- _How to complete this task_:
The expected answer is the set of lines in the data below between the line holding "these three properties" and the line holding "hence \<integral>\<phi> = A.", inclusive, written out exactly.
┌──
lemma nn_integral_SUP_exp_increment_sq_tendsto_0:
  fixes A :: "'a \<Rightarrow> real"
  assumes "\<And>\<xi>. \<xi> \<in> space \<mu> \<Longrightarrow> A \<xi> \<ge> 0" and "(\<integral>\<^sup>+\<xi>. ennreal (A \<xi>) \<partial>\<mu>) < \<infinity>"
  shows "((\<lambda>h. \<integral>\<^sup>+t\<in>{0..T}. (\<integral>\<^sup>+\<xi>.
      (SUP r\<in>{r. 0 \<le> r \<and> \<bar>r - t\<bar> < h}. ennreal ((exp (- r * A \<xi>) - exp (- t * A \<xi>))\<^sup>2)) \<partial>\<mu>)
      \<partial>lborel) \<longlongrightarrow> 0) (at_right 0)"
proof -
  obtain I where I: "I \<ge> 0" "(\<integral>\<^sup>+\<xi>. ennreal (A \<xi>) \<partial>\<mu>) = ennreal I"
    using assms(2) by (auto simp: less_top_ennreal)
  have "((\<lambda>h::real. h * I * max T 0) \<longlongrightarrow> 0 * I * max T 0) (at_right 0)"
    by (intro tendsto_mult tendsto_const tendsto_ident_at)
  from tendsto_ennrealI[OF this]
  have lim: "((\<lambda>h. ennreal (h * I * max T 0)) \<longlongrightarrow> 0) (at_right 0)" by simp
  have bound: "\<forall>\<^sub>F h in at_right 0. (\<integral>\<^sup>+t\<in>{0..T}. (\<integral>\<^sup>+\<xi>.
      (SUP r\<in>{r. 0 \<le> r \<and> \<bar>r - t\<bar> < h}. ennreal ((exp (- r * A \<xi>) - exp (- t * A \<xi>))\<^sup>2)) \<partial>\<mu>)
      \<partial>lborel) \<le> ennreal (h * I * max T 0)"
    using eventually_at_right_less[of 0]
    by (rule eventually_mono) (rule nn_integral_SUP_exp_increment_sq_le[OF assms(1) I(2) I(1)])
  show ?thesis
    by (intro tendsto_sandwich[OF _ bound tendsto_const lim] always_eventually allI zero_le)
qed
definition reflexive_banach :: "'b::banach itself \<Rightarrow> bool" where
  "reflexive_banach _ \<longleftrightarrow>
     (\<forall>\<Phi> :: ('b \<Rightarrow>\<^sub>L real) \<Rightarrow>\<^sub>L real. \<exists>b::'b. \<forall>f. blinfun_apply \<Phi> f = blinfun_apply f b)"

definition lin_isometry :: "('b::real_normed_vector \<Rightarrow> 'b) \<Rightarrow> bool" where
  "lin_isometry U \<longleftrightarrow> linear U \<and> (\<forall>b. norm (U b) = norm b) \<and> surj U"

end

theory Submission
  imports Defs
begin

text \<open>
  Put \<rho>_n(x) = \<parallel>s_x(0,n)\<parallel>.  Additivity and isometric equivariance of s make
  d_x(i,j) = \<parallel>s_x(i,j)\<parallel> a family of pseudometrics on \<nat> with d_{Tx}(i,j) = d_x(i+1,j+1), so \<rho>
  is a subadditive cocycle and a(n) = \<integral>\<rho>_n has a drift A = lim a(n)/n (Fekete).  The averaged
  increments f_N = (1/(N+1)) \<Sum>_{j\<le>N} (\<rho>_{j+1} - \<rho>_j \<circ> T) are dominated by \<rho>_1, have integral
  at least A, and (by a telescoping estimate for pseudometrics) Birkhoff sums at most
  \<rho>_n + O(1/N).  A Komlos-type selection principle, proved via the parallelogram law for a
  weighted quadratic energy, extracts from the (midpoint-closed) classes of functions sharing
  these three properties an almost everywhere convergent sequence with limit \<phi>; dominated convergence gives \<integral>\<phi> \<ge> A, the Birkhoff sums of \<phi> are bounded by \<rho>_n, and
  hence \<integral>\<phi> = A.  The remainder r_n = \<rho>_n - \<Sum>_{k<n} \<phi> \<circ> T^k is then nonnegative, subadditive and
  of sublinear mean.
\<close>

lemma sum_lessThan_add_split:
  "(\<Sum>j<m + n. g j) = (\<Sum>j<m. g j) + (\<Sum>k<n. g (m + k :: nat) :: 'a :: comm_monoid_add)"
  by (induction n) (simp_all add: add.assoc)

lemma birkhoff_sum_add:
  fixes f :: "'x \<Rightarrow> real"
  shows "(\<Sum>k<n + m. f ((T ^^ k) x)) = (\<Sum>k<n. f ((T ^^ k) x)) + (\<Sum>k<m. f ((T ^^ k) ((T ^^ n) x)))"
proof -
  have "(T ^^ k) ((T ^^ n) x) = (T ^^ (n + k)) x" for k by (simp add: funpow_add add.commute)
  thus ?thesis by (simp add: sum_lessThan_add_split)
qed

lemma subadditive_multiple_bound:
  fixes a :: "nat \<Rightarrow> real"
  assumes sub: "\<And>n m. a (n + m) \<le> a n + a m"
  shows "a (q * m + r) \<le> real q * a m + a r"
proof (induction q)
  case (Suc q)
  have "a (Suc q * m + r) = a (m + (q * m + r))" by (simp add: algebra_simps)
  also have "\<dots> \<le> a m + a (q * m + r)" by (rule sub)
  also have "\<dots> \<le> a m + (real q * a m + a r)" using Suc by simp
  finally show ?case by (simp add: algebra_simps)
qed simp

lemma fekete_subadditive:
  fixes a :: "nat \<Rightarrow> real"
  assumes sub: "\<And>n m. a (n + m) \<le> a n + a m" and nonneg: "\<And>n. 0 \<le> a n"
  defines "L \<equiv> Inf ((\<lambda>n. a n / real n) ` {1..})"
  shows "(\<lambda>n. a n / real n) \<longlonglongrightarrow> L" and "\<And>n. n \<ge> 1 \<Longrightarrow> L \<le> a n / real n"
proof -
  have bdd: "bdd_below ((\<lambda>n. a n / real n) ` {1..})"
    by (rule bdd_belowI[of _ 0]) (use nonneg in auto)
  show lower: "\<And>n. n \<ge> 1 \<Longrightarrow> L \<le> a n / real n"
    unfolding L_def by (rule cInf_lower) (use bdd in auto)
  have upper: "a n / real n \<le> a m / real m + (\<Sum>r<m. a r) / real n" if "m \<ge> 1" "n \<ge> 1" for m n
  proof -
    have "a n = a ((n div m) * m + n mod m)" by simp
    also have "\<dots> \<le> real (n div m) * a m + a (n mod m)"
      by (rule subadditive_multiple_bound[OF sub])
    also have "a (n mod m) \<le> (\<Sum>r<m. a r)"
      by (rule member_le_sum) (use that nonneg in auto)
    finally have 1: "a n \<le> real (n div m) * a m + (\<Sum>r<m. a r)" by simp
    have "real (n div m) * real m \<le> real n"
      by (metis div_times_less_eq_dividend of_nat_le_iff of_nat_mult)
    hence "real (n div m) \<le> real n / real m" using that by (simp add: field_simps)
    hence "real (n div m) * a m \<le> real n / real m * a m"
      using nonneg by (intro mult_right_mono) auto
    hence "a n \<le> real n * (a m / real m) + (\<Sum>r<m. a r)" using 1 by simp
    thus ?thesis using that by (simp add: field_simps)
  qed
  show "(\<lambda>n. a n / real n) \<longlonglongrightarrow> L"
  proof (rule order_tendstoI)
    fix y assume "y < L"
    show "\<forall>\<^sub>F n in sequentially. y < a n / real n"
      using eventually_ge_at_top[of 1] by eventually_elim (use lower \<open>y < L\<close> in force)
  next
    fix y assume "L < y"
    then obtain m where m: "m \<ge> 1" "a m / real m < y"
      using cInf_lessD[of "(\<lambda>n. a n / real n) ` {1..}" y] unfolding L_def by auto
    have "(\<lambda>n. (\<Sum>r<m. a r) / real n) \<longlonglongrightarrow> 0"
      by (intro tendsto_divide_0[OF tendsto_const] filterlim_at_top_imp_at_infinity
          filterlim_real_sequentially)
    hence "\<forall>\<^sub>F n in sequentially. (\<Sum>r<m. a r) / real n < y - a m / real m"
      using m by (intro order_tendstoD) auto
    thus "\<forall>\<^sub>F n in sequentially. a n / real n < y"
      using eventually_ge_at_top[of 1] by eventually_elim (use upper m in force)
  qed
qed

text \<open>For a pseudometric d on \<nat>, the
  telescoping double sum below, which is the Birkhoff sum of an averaged increment
  along the orbit, is at most P d(0,n) plus an error independent of P.\<close>
lemma pseudometric_telescoping_bound:
  fixes d :: "nat \<Rightarrow> nat \<Rightarrow> real"
  assumes refl: "\<And>a. d a a = 0" and sym: "\<And>a b. d a b = d b a"
    and tri: "\<And>a b c. d a c \<le> d a b + d b c"
  shows "(\<Sum>k<n. \<Sum>j<P. d k (k + j + 1) - d (k + 1) (k + j + 1))
           \<le> real P * d 0 n + 2 * (\<Sum>j<n. d 0 (j + 1))"
proof -
  define D where "D k = (\<Sum>j<P. d k (k + j + 1))" for k
  have step: "(\<Sum>j<P. d k (k + j + 1) - d (k + 1) (k + j + 1))
                = D k - D (k + 1) + d (k + 1) (k + 1 + P)" for k
  proof -
    define g where "g i = d (k + 1) (k + 1 + i)" for i
    have "(\<Sum>j<Suc P. g j) = g 0 + (\<Sum>j<P. g (Suc j))" by (rule sum.lessThan_Suc_shift)
    moreover have "(\<Sum>j<Suc P. g j) = (\<Sum>j<P. g j) + g P" by simp
    moreover have "g 0 = 0" using refl by (simp add: g_def)
    moreover have "(\<Sum>j<P. g (Suc j)) = D (k + 1)" by (simp add: g_def D_def add.assoc)
    ultimately have "(\<Sum>j<P. g j) = D (k + 1) - g P" by linarith
    moreover have "(\<Sum>j<P. d (k + 1) (k + j + 1)) = (\<Sum>j<P. g j)"
      by (intro sum.cong) (auto simp: g_def algebra_simps)
    ultimately show ?thesis by (simp add: sum_subtractf D_def g_def)
  qed
  have telescope: "(\<Sum>k<n. \<Sum>j<P. d k (k + j + 1) - d (k + 1) (k + j + 1))
                     = D 0 - D n + (\<Sum>k<n. d (k + 1) (k + 1 + P))"
  proof (induction n)
    case (Suc n)
    show ?case using Suc step[of n] by simp
  qed simp
  have "(\<Sum>k<n. d (k + 1) (k + 1 + P)) \<le> (\<Sum>k<n. d 0 (k + 1)) + (\<Sum>k<n. d 0 (k + 1 + P))"
    unfolding sum.distrib[symmetric]
    by (intro sum_mono) (metis sym tri)
  moreover have "(\<Sum>j<P. d 0 (n + j + 1) - d 0 n) \<le> D n"
    unfolding D_def by (intro sum_mono) (smt (verit) tri)
  moreover have "(\<Sum>j<P. d 0 (n + j + 1) - d 0 n) = (\<Sum>j<P. d 0 (n + j + 1)) - real P * d 0 n"
    by (simp add: sum_subtractf)
  moreover have "D 0 + (\<Sum>k<n. d 0 (k + 1 + P)) = (\<Sum>j<n. d 0 (j + 1)) + (\<Sum>j<P. d 0 (n + j + 1))"
  proof -
    have "D 0 + (\<Sum>k<n. d 0 (k + 1 + P)) = (\<Sum>j<P + n. d 0 (j + 1))"
      unfolding D_def sum_lessThan_add_split by (simp add: algebra_simps)
    also have "\<dots> = (\<Sum>j<n + P. d 0 (j + 1))" by (simp add: add.commute)
    also have "\<dots> = (\<Sum>j<n. d 0 (j + 1)) + (\<Sum>j<P. d 0 (n + j + 1))"
      unfolding sum_lessThan_add_split by (simp add: algebra_simps)
    finally show ?thesis .
  qed
  ultimately show ?thesis unfolding telescope by linarith
qed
└──
- _Output_:
  these three properties an almost everywhere convergent sequence with limit \<phi>; dominated convergence gives \<integral>\<phi> \<ge> A, the Birkhoff sums of \<phi> are bounded by \<rho>_n, and
  hence \<integral>\<phi> = A.  The remainder r_n = \<rho>_n - \<Sum>_{k<n} \<phi> \<circ> T^k is then nonnegative, subadditive and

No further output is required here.